### Work item
Only the lines of the data below from the one with "1 \<Longrightarrow> mnorm" through the one with "using K[OF u w'] by simp" are wanted. Repeat them exactly.

### Excerpted records
lemma polar_projection_diff_le:
  fixes R :: "real^'n^'n" and Ut U :: "real^'r^'n" and St S :: "real^'r^'r" and Vt V :: "real^'r^'m"
  assumes R: "inj ((*v) R)"
    and R_upper: "\<And>x. norm (R *v x) \<le> \<rho>\<^sub>1 * norm x" and R_lower: "\<And>x. \<rho>\<^sub>0 * norm x \<le> norm (R *v x)"
    and "0 < \<rho>\<^sub>0" and Ut: "transpose Ut ** Ut = mat 1" and U: "transpose U ** U = mat 1"
    and V: "transpose V ** V = mat 1" and S: "is_diagonal S" and "0 < s" and s: "\<forall>i. s \<le> S $ i $ i"
  defines "Bt \<equiv> polar_factor (R ** Ut)" and "B \<equiv> polar_factor (R ** U)"
  shows "norm ((Bt ** transpose Bt - B ** transpose B) *v y)
           \<le> \<rho>\<^sub>1 / \<rho>\<^sub>0 * (spec_norm (Ut ** St ** transpose Vt - U ** S ** transpose V) / s) * norm y"
proof -
  define \<kappa> where "\<kappa> = \<rho>\<^sub>1 / \<rho>\<^sub>0 * (spec_norm (Ut ** St ** transpose Vt - U ** S ** transpose V) / s)"
  have inj_R_mult: "inj ((*v) (R ** W))" if "transpose W ** W = mat 1" for W :: "real^'r^'n"
    using inj_compose[OF R orthonormal_columns_inj[OF that]] by (simp add: comp_def matrix_vector_mul_assoc)
  have Bt: "transpose Bt ** Bt = mat 1" and B: "transpose B ** B = mat 1"
    unfolding Bt_def B_def using polar_factor_orthonormal inj_R_mult Ut U by blast+
  note Pt_proj = orthonormal_columns_projection[OF Bt] and P_proj = orthonormal_columns_projection[OF B]
  have Pt_fixes: "(Bt ** transpose Bt) *v (R *v (Ut *v w)) = R *v (Ut *v w)" for w
    using polar_factor_projection_fixes[OF inj_R_mult[OF Ut]]
    by (simp add: Bt_def matrix_vector_mul_assoc)
  have "0 \<le> \<rho>\<^sub>1"
    using order_trans[OF norm_ge_zero R_upper[of "axis undefined 1"]] by simp
  then have "0 \<le> \<kappa>" using \<open>0 < \<rho>\<^sub>0\<close> \<open>0 < s\<close> by (simp add: \<kappa>_def spec_norm_nonneg)
  have gap: "norm ((B ** transpose B) *v z - (Bt ** transpose Bt) *v ((B ** transpose B) *v z))
               \<le> \<kappa> * norm ((B ** transpose B) *v z)" for z
  proof -
    have "(B ** transpose B) *v z = R *v (U *v (inv_sqrt (transpose (R ** U) ** (R ** U)) *v (transpose B *v z)))"
      by (simp only: B_def polar_factor_def matrix_vector_mul_assoc[symmetric])
    then show ?thesis
      unfolding \<kappa>_def
      by (metis weighted_wedin_bound[OF Pt_proj(1) Pt_fixes R_upper R_lower \<open>0 < \<rho>\<^sub>0\<close> U V S \<open>0 < s\<close> s])
  qed
  have "norm ((Bt ** transpose Bt) *v y - (B ** transpose B) *v y) \<le> \<kappa> * norm y"
    using orthogonal_projection_diff_le[OF P_proj(1) Pt_proj(1) _ \<open>0 \<le> \<kappa>\<close> gap] P_proj(2) Pt_proj(2)
    by simp
  then show ?thesis by (simp add: \<kappa>_def matrix_vector_mult_diff_rdistrib)
qed
lemma one_minus_powr_le:
  fixes t q :: real
  assumes t: "0 \<le> t" "t \<le> 1" and q: "0 < q"
  shows "1 - t powr q \<le> max 1 q * (1 - t)"
proof (cases "q \<le> 1")
  case True
  have "t powr 1 \<le> t powr q" using t q True by (intro powr_mono') auto
  then have "1 - t powr q \<le> 1 - t" using t by (cases "t = 0") auto
  also have "\<dots> \<le> max 1 q * (1 - t)" using mult_right_mono[of 1 "max 1 q" "1 - t"] t by simp
  finally show ?thesis .
next
  case False
  consider "t = 0" | "t = 1" | "0 < t" "t < 1" using t by linarith
  then show ?thesis
  proof cases
    case 3
    have "\<And>x. t \<le> x \<Longrightarrow> x \<le> 1 \<Longrightarrow> ((\<lambda>z. z powr q) has_real_derivative q * x powr (q - 1)) (at x)"
      using 3 by (intro has_real_derivative_powr) auto
    then obtain \<xi> where \<xi>: "t < \<xi>" "\<xi> < 1" and eq: "1 powr q - t powr q = (1 - t) * (q * \<xi> powr (q - 1))"
      using MVT2[OF 3(2), of "\<lambda>z. z powr q" "\<lambda>x. q * x powr (q - 1)"] by blast
    have "\<xi> powr (q - 1) \<le> 1" using \<xi> 3 False by (intro powr_le1) auto
    then have "(1 - t) * (q * \<xi> powr (q - 1)) \<le> (1 - t) * q"
      using 3 q by (intro mult_left_mono) (auto simp: mult_left_le)
    then show ?thesis using eq False by (simp add: mult.commute)
  qed (use False in auto)
qed

lemma radial_projection_to_sphere:
  fixes u w :: "'a::real_normed_vector"
  assumes u: "norm u = 1" and w: "norm w \<le> 1"
  obtains w' where "norm w' = 1" "w = norm w *\<^sub>R w'" "norm (u - w') \<le> 2 * norm (u - w)"
proof
  define w' where "w' = (if w = 0 then u else w /\<^sub>R norm w)"
  show w': "norm w' = 1" and ww': "w = norm w *\<^sub>R w'"
    using u by (auto simp: w'_def)
  have "w - w' = (norm w - 1) *\<^sub>R w'" using ww' by (simp add: algebra_simps)
  then have "norm (w - w') = 1 - norm w" using w' w by simp
  also have "\<dots> \<le> norm (u - w)" using norm_triangle_ineq2[of u w] u by simp
  finally show "norm (u - w') \<le> 2 * norm (u - w)"
    using norm_triangle_ineq[of "u - w" "w - w'"] by simp
qed

lemma homogeneous_hoelder_on_unit_ball:
  fixes G :: "'a::real_normed_vector \<Rightarrow> 'a list \<Rightarrow> real"
  assumes bf: "\<And>x. bounded_form n (G x)"
    and hom: "\<And>x c vs. c > 0 \<Longrightarrow> vs \<in> unit_lists n \<Longrightarrow> G (c *\<^sub>R x) vs = c powr q * G x vs"
    and G0: "\<And>vs. G 0 vs = 0" and q: "0 < q" and a: "0 < a" "a \<le> 1"
    and sphere: "\<And>x. norm x = 1 \<Longrightarrow> mnorm n (G x) \<le> B"
    and K: "\<And>x y. norm x = 1 \<Longrightarrow> norm y = 1 \<Longrightarrow>
              mnorm n (\<lambda>vs. G x vs - G y vs) \<le> K * norm (x - y) powr a"
    and u: "norm u = 1" and w: "norm w \<le> 1"
  shows "mnorm n (\<lambda>vs. G u vs - G w vs) \<le> (2 * \<bar>K\<bar> + max 1 q * B) * norm (u - w) powr a"
proof -
  define d where "d = norm (u - w)"
  define t where "t = norm w"
  obtain w' where w': "norm w' = 1" and ww': "w = t *\<^sub>R w'" and uw': "norm (u - w') \<le> 2 * d"
    using radial_projection_to_sphere[OF u w] unfolding t_def d_def .
  have t: "0 \<le> t" "t \<le> 1" "1 - t \<le> d"
    using w u norm_triangle_ineq2[of u w] by (auto simp: t_def d_def)
  have B: "0 \<le> B" using sphere[OF u] mnorm_nonneg[OF bf] by (meson order_trans)
  have "norm (u - w') powr a \<le> 2 powr a * d powr a"
    using uw' a by (simp add: powr_mono2 flip: powr_mult)
  also have "\<dots> \<le> 2 * d powr a"
    using powr_mono[of a 1 2] a by (intro mult_right_mono) auto
  finally have "K * norm (u - w') powr a \<le> \<bar>K\<bar> * (2 * d powr a)"
    by (meson abs_ge_self abs_ge_zero mult_left_mono mult_right_mono order_trans powr_ge_zero)
  then have to_sphere: "mnorm n (\<lambda>vs. G u vs - G w' vs) \<le> 2 * \<bar>K\<bar> * d powr a"
    using K[OF u w'] by simp
  have tq: "0 \<le> 1 - t powr q" using powr_le1[of q t] q t by simp
  have "1 - t \<le> (1 - t) powr a"
    using powr_mono'[of a 1 "1 - t"] t a by (cases "t = 1") auto
  also have "\<dots> \<le> d powr a" using t a by (intro powr_mono2) auto
  finally have "1 - t powr q \<le> max 1 q * d powr a"
    using one_minus_powr_le[OF t(1,2) q] mult_left_mono[of _ _ "max 1 q"] by fastforce
  then have "(1 - t powr q) * mnorm n (G w') \<le> max 1 q * d powr a * B"
    using sphere[OF w'] tq mnorm_nonneg[OF bf] by (intro mult_mono) auto
  then have radial: "mnorm n (\<lambda>vs. (1 - t powr q) * G w' vs) \<le> max 1 q * B * d powr a"
    using mnorm_cmult[OF bf, of "1 - t powr q" w'] tq by (simp add: mult_ac)
  have "mnorm n (\<lambda>vs. G u vs - G w vs)
      = mnorm n (\<lambda>vs. (G u vs - G w' vs) + (1 - t powr q) * G w' vs)"
  proof (rule mnorm_cong)
    fix vs :: "'a list" assume "vs \<in> unit_lists n"
    \<comment> \<open>for \<open>w = 0\<close> this holds because \<open>G 0 = 0\<close> and \<open>0 powr q = 0\<close>\<close>
    then have "G w vs = t powr q * G w' vs"
      using hom[of t vs w'] G0 ww' t(1) by (cases "t = 0") auto
    then show "G u vs - G w vs = (G u vs - G w' vs) + (1 - t powr q) * G w' vs"
      by (simp add: algebra_simps)
  qed
  also have "\<dots> \<le> mnorm n (\<lambda>vs. G u vs - G w' vs) + mnorm n (\<lambda>vs. (1 - t powr q) * G w' vs)"
    by (intro mnorm_add_le bounded_form_diff bounded_form_cmult bf)
  finally show ?thesis using to_sphere radial by (simp add: d_def algebra_simps)
qed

### Response box
    and sphere: "\<And>x. norm x = 1 \<Longrightarrow> mnorm n (G x) \<le> B"
    and K: "\<And>x y. norm x = 1 \<Longrightarrow> norm y = 1 \<Longrightarrow>
              mnorm n (\<lambda>vs. G x vs - G y vs) \<le> K * norm (x - y) powr a"
    and u: "norm u = 1" and w: "norm w \<le> 1"
  shows "mnorm n (\<lambda>vs. G u vs - G w vs) \<le> (2 * \<bar>K\<bar> + max 1 q * B) * norm (u - w) powr a"
proof -
  define d where "d = norm (u - w)"
  define t where "t = norm w"
  obtain w' where w': "norm w' = 1" and ww': "w = t *\<^sub>R w'" and uw': "norm (u - w') \<le> 2 * d"
    using radial_projection_to_sphere[OF u w] unfolding t_def d_def .
  have t: "0 \<le> t" "t \<le> 1" "1 - t \<le> d"
    using w u norm_triangle_ineq2[of u w] by (auto simp: t_def d_def)
  have B: "0 \<le> B" using sphere[OF u] mnorm_nonneg[OF bf] by (meson order_trans)
  have "norm (u - w') powr a \<le> 2 powr a * d powr a"
    using uw' a by (simp add: powr_mono2 flip: powr_mult)
  also have "\<dots> \<le> 2 * d powr a"
    using powr_mono[of a 1 2] a by (intro mult_right_mono) auto
  finally have "K * norm (u - w') powr a \<le> \<bar>K\<bar> * (2 * d powr a)"
    by (meson abs_ge_self abs_ge_zero mult_left_mono mult_right_mono order_trans powr_ge_zero)
  then have to_sphere: "mnorm n (\<lambda>vs. G u vs - G w' vs) \<le> 2 * \<bar>K\<bar> * d powr a"
    using K[OF u w'] by simp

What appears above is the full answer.